#### [TASK STATEMENT]
Your task is to repeat exactly the lines below between the line holding "with le \<open>s < b\<close> show False" and the line holding "r u. \<omega>", inclusive, and only those.

Saved data entries
· · ·

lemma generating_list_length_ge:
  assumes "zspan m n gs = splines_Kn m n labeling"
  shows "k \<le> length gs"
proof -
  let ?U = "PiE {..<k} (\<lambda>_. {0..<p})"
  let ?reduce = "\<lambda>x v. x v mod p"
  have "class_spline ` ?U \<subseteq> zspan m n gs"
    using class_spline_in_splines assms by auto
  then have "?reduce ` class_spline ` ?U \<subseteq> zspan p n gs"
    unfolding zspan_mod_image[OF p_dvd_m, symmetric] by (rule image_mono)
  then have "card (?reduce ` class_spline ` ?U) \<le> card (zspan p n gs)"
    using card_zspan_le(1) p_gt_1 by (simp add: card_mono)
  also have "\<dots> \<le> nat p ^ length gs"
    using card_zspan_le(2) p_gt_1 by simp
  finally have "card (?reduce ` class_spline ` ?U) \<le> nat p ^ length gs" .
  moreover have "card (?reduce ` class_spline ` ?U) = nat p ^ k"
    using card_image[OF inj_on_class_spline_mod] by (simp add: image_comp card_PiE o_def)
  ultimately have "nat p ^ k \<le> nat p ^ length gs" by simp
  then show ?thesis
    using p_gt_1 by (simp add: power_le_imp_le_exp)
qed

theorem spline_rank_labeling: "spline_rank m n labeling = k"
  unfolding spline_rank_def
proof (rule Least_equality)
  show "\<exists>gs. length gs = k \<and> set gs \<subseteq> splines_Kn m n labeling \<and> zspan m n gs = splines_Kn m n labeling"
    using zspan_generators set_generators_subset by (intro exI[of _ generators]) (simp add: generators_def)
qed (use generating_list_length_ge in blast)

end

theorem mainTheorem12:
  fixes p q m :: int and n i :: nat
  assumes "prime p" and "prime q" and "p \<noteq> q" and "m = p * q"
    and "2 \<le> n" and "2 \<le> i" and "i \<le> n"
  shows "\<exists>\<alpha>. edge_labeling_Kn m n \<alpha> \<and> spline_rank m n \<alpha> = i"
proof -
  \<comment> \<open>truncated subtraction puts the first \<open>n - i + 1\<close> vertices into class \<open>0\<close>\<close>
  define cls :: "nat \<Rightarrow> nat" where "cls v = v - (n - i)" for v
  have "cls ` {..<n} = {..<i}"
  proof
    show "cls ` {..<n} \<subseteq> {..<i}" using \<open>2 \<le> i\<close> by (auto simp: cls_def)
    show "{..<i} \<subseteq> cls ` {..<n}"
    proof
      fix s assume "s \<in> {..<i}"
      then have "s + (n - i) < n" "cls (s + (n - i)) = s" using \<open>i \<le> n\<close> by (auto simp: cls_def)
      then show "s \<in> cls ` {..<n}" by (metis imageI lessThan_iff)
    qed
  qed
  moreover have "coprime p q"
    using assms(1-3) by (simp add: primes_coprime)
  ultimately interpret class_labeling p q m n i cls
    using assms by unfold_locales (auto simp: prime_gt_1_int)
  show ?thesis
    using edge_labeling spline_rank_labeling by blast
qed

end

· · ·

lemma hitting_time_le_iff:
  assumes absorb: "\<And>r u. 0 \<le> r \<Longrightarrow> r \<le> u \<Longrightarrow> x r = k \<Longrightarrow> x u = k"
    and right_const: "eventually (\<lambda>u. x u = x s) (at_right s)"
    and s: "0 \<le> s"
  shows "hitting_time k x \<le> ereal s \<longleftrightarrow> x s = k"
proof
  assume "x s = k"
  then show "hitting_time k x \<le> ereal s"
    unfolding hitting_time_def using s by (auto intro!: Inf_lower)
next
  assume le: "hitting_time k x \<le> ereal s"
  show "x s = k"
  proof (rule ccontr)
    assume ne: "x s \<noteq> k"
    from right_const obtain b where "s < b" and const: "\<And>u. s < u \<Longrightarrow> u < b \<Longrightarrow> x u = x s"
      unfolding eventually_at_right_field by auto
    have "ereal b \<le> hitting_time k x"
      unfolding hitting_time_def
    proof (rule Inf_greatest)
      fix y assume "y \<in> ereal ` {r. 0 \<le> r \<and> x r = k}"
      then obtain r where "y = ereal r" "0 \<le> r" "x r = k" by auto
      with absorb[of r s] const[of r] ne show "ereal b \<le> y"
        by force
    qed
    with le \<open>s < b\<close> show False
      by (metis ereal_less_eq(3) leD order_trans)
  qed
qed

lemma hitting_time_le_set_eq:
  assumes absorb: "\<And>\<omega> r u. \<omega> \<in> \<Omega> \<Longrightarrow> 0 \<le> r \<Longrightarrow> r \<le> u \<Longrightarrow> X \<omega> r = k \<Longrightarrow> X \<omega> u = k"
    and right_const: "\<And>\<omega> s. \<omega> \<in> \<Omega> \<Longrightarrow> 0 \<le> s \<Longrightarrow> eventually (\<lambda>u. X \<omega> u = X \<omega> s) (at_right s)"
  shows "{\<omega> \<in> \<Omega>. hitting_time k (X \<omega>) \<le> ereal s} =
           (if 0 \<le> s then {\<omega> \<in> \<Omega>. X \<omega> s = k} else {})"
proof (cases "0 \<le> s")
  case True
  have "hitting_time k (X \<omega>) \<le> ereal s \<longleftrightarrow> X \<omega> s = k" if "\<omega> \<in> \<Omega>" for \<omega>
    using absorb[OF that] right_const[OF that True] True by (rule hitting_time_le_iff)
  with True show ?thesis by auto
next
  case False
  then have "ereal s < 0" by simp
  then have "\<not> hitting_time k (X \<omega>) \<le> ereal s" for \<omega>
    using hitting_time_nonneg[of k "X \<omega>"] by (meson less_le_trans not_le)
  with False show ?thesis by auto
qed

· · ·

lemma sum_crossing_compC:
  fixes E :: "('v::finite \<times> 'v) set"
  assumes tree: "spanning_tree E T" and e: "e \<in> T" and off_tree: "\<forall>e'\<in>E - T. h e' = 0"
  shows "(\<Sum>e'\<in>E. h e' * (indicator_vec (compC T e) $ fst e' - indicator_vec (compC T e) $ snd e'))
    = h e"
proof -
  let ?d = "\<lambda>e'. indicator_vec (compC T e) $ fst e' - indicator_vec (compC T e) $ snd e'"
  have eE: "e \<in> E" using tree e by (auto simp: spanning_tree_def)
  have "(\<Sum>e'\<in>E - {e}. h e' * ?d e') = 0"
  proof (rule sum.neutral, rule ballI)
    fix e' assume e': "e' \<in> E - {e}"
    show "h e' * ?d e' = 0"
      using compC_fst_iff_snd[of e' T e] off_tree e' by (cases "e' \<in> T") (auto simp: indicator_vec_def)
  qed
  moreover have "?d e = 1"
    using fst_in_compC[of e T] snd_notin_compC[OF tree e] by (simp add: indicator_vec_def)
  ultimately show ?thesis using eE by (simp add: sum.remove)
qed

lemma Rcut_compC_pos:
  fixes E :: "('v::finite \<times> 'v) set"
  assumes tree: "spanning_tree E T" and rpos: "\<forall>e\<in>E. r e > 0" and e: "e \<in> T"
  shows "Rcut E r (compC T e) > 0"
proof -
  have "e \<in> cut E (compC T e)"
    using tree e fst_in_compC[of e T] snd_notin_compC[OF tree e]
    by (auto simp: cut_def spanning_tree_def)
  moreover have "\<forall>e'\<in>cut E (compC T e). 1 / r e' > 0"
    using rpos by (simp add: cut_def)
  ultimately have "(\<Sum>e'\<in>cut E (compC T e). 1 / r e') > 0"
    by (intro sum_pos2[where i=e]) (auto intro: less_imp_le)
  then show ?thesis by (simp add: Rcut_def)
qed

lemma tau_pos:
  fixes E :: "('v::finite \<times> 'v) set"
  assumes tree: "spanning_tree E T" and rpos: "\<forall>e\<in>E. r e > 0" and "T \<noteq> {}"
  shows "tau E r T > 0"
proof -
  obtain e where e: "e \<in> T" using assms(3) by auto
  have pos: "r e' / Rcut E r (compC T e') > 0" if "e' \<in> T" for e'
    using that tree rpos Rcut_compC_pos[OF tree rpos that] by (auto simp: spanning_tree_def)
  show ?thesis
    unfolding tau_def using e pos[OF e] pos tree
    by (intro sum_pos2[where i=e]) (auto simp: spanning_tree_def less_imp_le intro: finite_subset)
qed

· · ·

#### [RESPONSE BELOW]
    with le \<open>s < b\<close> show False
      by (metis ereal_less_eq(3) leD order_trans)
  qed
qed

lemma hitting_time_le_set_eq:
  assumes absorb: "\<And>\<omega> r u. \<omega> \<in> \<Omega> \<Longrightarrow> 0 \<le> r \<Longrightarrow> r \<le> u \<Longrightarrow> X \<omega> r = k \<Longrightarrow> X \<omega> u = k"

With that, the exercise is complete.